8 min to read
Cross-platform seismic imaging benchmarking
Collaborative optimization and benchmarking of seismic imaging workloads

TLDR
We have created a GitHub-based extensible framework for benchmarking seismic imaging kernels. The platform includes a development cluster of servers with various computer architectures, configured as GitHub self-hosted runners, and utilizes GitHub Actions to automate workflows. The platform allows for standardized and reproducible comparisons of different methods, hardware, and skills. It also enables collaboration and code/data reuse, ultimately leading to better performance of the software and efficient use of human capital. The platform is also easily extendable by configuring self-hosted runners, adding different benchmarks to the GitHub Actions workflow, and more servers (either on-prem or Cloud-based).
The table with a summary of the current benchmark highlights is available here. Disclaimer: There results are work-in-progress and are included only to stimulate community collaboration on benchmarking. There is ongoing effort to optimize the code generated for different target architectures and so these performance figures will evolve over the next few months. Do not make commercial decisions based on this data.
The vision: creating a platform for collaboration.
The key idea behind the seismic imaging benchmarking platform is to bring together stakeholders in the industry, such as energy companies, service companies, processor manufacturers, and academic researchers, to standardize benchmarking of seismic imaging kernels and provide reference implementations for a range of architectures.
The objective is to enable accurate and reproducible benchmark experiments, facilitate collaboration and code/data reuse, reduce the duplication of effort and improve the overall performance of seismic imaging software. Additionally, robust performance data will help organizations make informed purchasing decisions for on-premise or cloud computing systems.
Overall, the proposed platform aims to address the common issues in benchmarking seismic imaging kernels, such as differences in the PDEs, discretization, algorithmic optimizations, and runtime choices, and provide a more standardized and reproducible approach for comparing different methods, hardware, and skill.
Anatomy of a standard benchmark
The software infrastructure
We have created a GitHub-based extensible framework for benchmarking seismic imaging kernels. The Seismic Benchmark Platform e-infrastructure comprises GitHub Actions for automating workflows and a development cluster of servers with various computer architectures, each configured as a GitHub self-hosted runner.

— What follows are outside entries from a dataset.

lemma tendsto_if_subsequential_limits_unique:
  fixes X :: "nat \<Rightarrow> 'a::heine_borel"
  assumes bounded: "bounded (range X)"
    and unique: "\<And>r q. strict_mono r \<Longrightarrow> (X \<circ> r) \<longlonglongrightarrow> q \<Longrightarrow> q = p"
  shows "X \<longlonglongrightarrow> p"
proof (rule ccontr)
  assume "\<not> X \<longlonglongrightarrow> p"
  then obtain e where e: "e > 0" "\<forall>N. \<exists>n\<ge>N. e \<le> dist (X n) p"
    unfolding lim_sequentially by (auto simp: not_less)
  then have "infinite {n. e \<le> dist (X n) p}"
    by (simp add: infinite_nat_iff_unbounded_le)
  then obtain s :: "nat \<Rightarrow> nat" where s: "strict_mono s" "\<And>n. e \<le> dist (X (s n)) p"
    using infinite_enumerate by blast
  have "bounded (range (X \<circ> s))" using bounded by (rule bounded_subset) auto
  then obtain r q where r: "strict_mono r" "((X \<circ> s) \<circ> r) \<longlonglongrightarrow> q"
    using bounded_imp_convergent_subsequence by blast
  have "q = p" using unique[OF strict_mono_o[OF s(1) r(1)]] r(2) by (simp add: comp_assoc)
  have "e \<le> dist q p"
    by (rule LIMSEQ_le_const[OF tendsto_dist[OF r(2) tendsto_const]]) (use s(2) in auto)
  with \<open>q = p\<close> \<open>e > 0\<close> show False by simp
qed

GitHub Actions is a feature that allows users to automate software development workflows. It allows users to create custom workflows, called actions, triggered by specific events such as a code push, pull request, or the creation of an issue. These workflows include building and testing code, deploying software, and integrating with other tools. With GitHub Actions, users can automate repetitive tasks, reduce manual errors, and improve the overall efficiency of their development process. In our case, GitHub Actions are used to
- Execute one or more benchmarks.
- Upload benchmark data to a results repository.

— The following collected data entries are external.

text \<open>A nonzero isotropic vector of A, rescaled, lies on sphere_S.\<close>
lemma inner_ones_sq_le_spherical_sup:
  assumes "quad_form A u = 0"
  shows "(ones \<bullet> u)^2 \<le> spherical_sup A * (norm u)^2"
proof (cases "u = 0")
  case False
  define v where "v = ((ones \<bullet> u) / (norm u)^2) *\<^sub>R u"
  have "ones \<bullet> v = (ones \<bullet> u)^2 / (norm u)^2" and norm_v: "(norm v)^2 = (ones \<bullet> u)^2 / (norm u)^2"
    using False by (simp_all add: v_def power2_eq_square field_simps)
  then have "v \<in> sphere_S" by (simp add: sphere_S_def)
  moreover have "quad_form A v = 0"
    unfolding v_def quad_form_scaleR assms by simp
  ultimately have "(ones \<bullet> u)^2 / (norm u)^2 \<le> spherical_sup A"
    using spherical_sup_upper norm_v by metis
  then show ?thesis using False by (simp add: divide_le_eq)
qed simp

lemma lambda_max_ones_matrix_plus_le:
  fixes A :: "real^'n^'n"
  assumes sym: "symmetric_matrix A" and diag: "\<And>i. A$i$i = 0" and "spherical_sup A < s"
  obtains t where "lambda_max (ones_matrix + t *\<^sub>R A) \<le> s"
proof -
  let ?Q = "s *\<^sub>R mat 1 - ones_matrix :: real^'n^'n"
  have quadQ: "quad_form ?Q x = s * (norm x)^2 - (ones \<bullet> x)^2" for x
    by (simp add: quad_form_scaled_identity_diff quad_form_ones_matrix)
  have pos: "0 < quad_form ?Q z" if "z \<noteq> 0" "quad_form A z = 0" for z
  proof -
    have "spherical_sup A * (norm z)^2 < s * (norm z)^2"
      using \<open>spherical_sup A < s\<close> that(1) by simp
    then show ?thesis
      using inner_ones_sq_le_spherical_sup[OF that(2)] by (simp add: quadQ)
  qed
  obtain t where t: "\<And>x. t * quad_form A x \<le> quad_form ?Q x"
  proof (cases "A = 0")
    case True
    have "0 * quad_form A x \<le> quad_form ?Q x" for x
      using pos[of x] True by (cases "x = 0") auto
    then show thesis by (rule that)
  next
    case False
    show thesis
      using finsler[OF sym symmetric_matrix_scaled_identity_diff[OF symmetric_ones_matrix] pos
          zero_diagonal_indefinite[OF sym diag False]] that by blast
  qed
  have "quad_form (ones_matrix + t *\<^sub>R A) x \<le> s * (norm x)^2" for x
    using t[of x]
    by (simp add: quadQ quad_form_ones_matrix matrix_vector_mult_add_rdistrib
        scaleR_matrix_vector_assoc[symmetric] inner_add_right)
  moreover have "symmetric_matrix (ones_matrix + t *\<^sub>R A)"
    using sym by (simp add: symmetric_matrix_iff ones_matrix_def)
  ultimately show thesis
    using that lambda_max_le_iff by blast
qed

lemma bdd_below_theta_values: "bdd_below (lambda_max ` {B. theta_feasible E B})"
  by (rule bdd_belowI2[of _ 1]) (auto simp: theta_feasible_def intro: one_le_lambda_max)

lemma lovasz_theta_le_spherical_sup:
  assumes "weighted_adj E A"
  shows "lovasz_theta E \<le> spherical_sup A"
proof (rule dense_ge)
  fix s
  assume "spherical_sup A < s"
  moreover have "symmetric_matrix A" "\<And>i. A$i$i = 0"
    using assms by (auto simp: weighted_adj_def)
  ultimately obtain t where t: "lambda_max (ones_matrix + t *\<^sub>R A) \<le> s"
    using lambda_max_ones_matrix_plus_le by blast
  have "theta_feasible E (ones_matrix + t *\<^sub>R A)"
    using weighted_adj_scaleR[OF assms] by (simp add: theta_feasible_iff_weighted_adj)
  then have "lovasz_theta E \<le> lambda_max (ones_matrix + t *\<^sub>R A)"
    unfolding lovasz_theta_eq_Inf by (intro cInf_lower bdd_below_theta_values) simp
  with t show "lovasz_theta E \<le> s" by linarith
qed

lemma spherical_alpha_le_lambda_max:
  assumes "theta_feasible E B"
  shows "spherical_alpha E \<le> lambda_max B"
proof -
  have "bdd_below (spherical_sup ` {A. weighted_adj E A})"
    by (rule bdd_belowI2[of _ 0]) (rule spherical_sup_nonneg)
  moreover have "weighted_adj E (B - ones_matrix)"
    using assms by (simp add: theta_feasible_iff_weighted_adj)
  ultimately have "spherical_alpha E \<le> spherical_sup (B - ones_matrix)"
    unfolding spherical_alpha_eq_Inf by (blast intro: cInf_lower)
  also have "\<dots> \<le> lambda_max B"
    using assms by (intro spherical_sup_le_lambda_max) (auto simp: theta_feasible_def)
  finally show ?thesis .
qed

theorem lemma1:
  fixes E :: "'n::finite \<Rightarrow> 'n \<Rightarrow> bool"
  assumes "simple_graph E"
  shows "lovasz_theta E = spherical_alpha E"
proof (rule antisym)
  have "weighted_adj E 0"
    by (simp add: weighted_adj_def symmetric_matrix_iff)
  then show "lovasz_theta E \<le> spherical_alpha E"
    unfolding spherical_alpha_eq_Inf
    by (blast intro: cInf_greatest lovasz_theta_le_spherical_sup)
  have "theta_feasible E ones_matrix"
    using symmetric_ones_matrix by (simp add: theta_feasible_def ones_matrix_def)
  then show "spherical_alpha E \<le> lovasz_theta E"
    unfolding lovasz_theta_eq_Inf
    by (blast intro: cInf_greatest spherical_alpha_le_lambda_max)
qed

end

- Post-process benchmark data.
- Publish results on a website.
Workflow of benchmark automation with GitHub Actions
GitHub Actions can run on either GitHub-hosted runners or self-hosted runners. Self-hosted runners are used to execute a workflow on machines the users have direct access to, rather than on GitHub-managed infrastructure. Self-hosted runners allow users more control over the environment in which their workflows run, including access to specific software, libraries, or hardware resources. Users can also use self-hosted runners to run workflows on-premises, in a virtual private cloud, or in a hybrid environment. Self-hosted runners are a flexible solution for organizations with specific requirements for their development environments and need more control over their workflow execution.
For the work described here, we have configured the following self-hosted runners:
- NVIDIA A100-PCIE-40GB (on-prem)
- NVIDIA A100-SXM4-40GB (Oracle Cloud Infrastructure, BM.GPU4.8)

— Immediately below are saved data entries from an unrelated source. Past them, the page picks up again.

lemma aop_apply_R_prod:
  "l \<le> N \<Longrightarrow> aux_agree n N (aop_apply n N (R_prod n N eta xi lam l) F) (R_chain eta xi lam [1..<Suc l] F)"
proof (induction l)
  case 0
  have "aop_id p q * F q = (if q = p then F p else 0)" for p q
    by (cases p, cases q) (auto simp: aop_id_def)
  then show ?case
    by (auto simp: aux_agree_def aop_apply_eq_sum R_chain_def configs_finite)
next
  case (Suc l)
  have "aop_apply n N (R_prod n N eta xi lam (Suc l)) F
      = aop_apply n N (R_aux eta (Suc l) (lam - xi (Suc l))) (R_chain eta xi lam [1..<Suc l] F)"
    using Suc by (simp add: aop_apply_mult aop_apply_cong)
  then show ?case
    using aop_apply_R_aux[of "Suc l" N n eta] Suc.prems by (simp add: R_chain_def)
qed

definition tensor_unit :: "nat \<Rightarrow> hvec \<Rightarrow> avec" where
  "tensor_unit c w = (\<lambda>(b,y). if b = c then w y else 0)"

- NVIDIA Tesla PG503-216 (on-prem)
- AMD Instinct™ MI210 (on-prem)
- Intel(R) Xeon(R) Gold 5218R CPU (on-prem)
- AMD EPYC 7413 24-Core Processor (on-prem)
The advantages of this design based on GitHub Actions are
- Fully automated workflow.
- Fully reproducible:
- All software is maintained in GitHub repositories.
- Reuses existing CI/CD infrastructure and know-how.
- Readily extendable:
- Add benchmarks by adding extra jobs to the GitHub actions workflow.
- Add more servers by configuring GitHub self-hosted runners.
- Self-hosted runners can be bare-metal servers or running on the Cloud.
While the vision is to advance standardization in our industry and grow a community around this platform, it is also straightforward to fork our codebase and create a private instance with proprietary benchmarks.
Another fundamental aspect of our software infrastructure is the use of virtual containers, in particular Docker. This makes it straightforward to configure new machines and reproduce performance results. In our experience, virtual containers are the only realistic way of maintaining and extending a software and hardware infrastructure like the one we envision in this project.
Software Description
Here, we delve into the inner workings of the software framework. The main
software repo is at https://github.com/devitocodespro/benchmarks. All the
benchmark data is pushed to a designated branch of the repo, named data
, to
enable data exploration. Two files are created for each benchmark:
data/<arch>/<benchmark-name>.log
contains the full combined stdout and stderr of GitHub action as if it was executed from the command line.data/<arch>/<benchmark-name>.json
contains a summary of the autotuning experiments.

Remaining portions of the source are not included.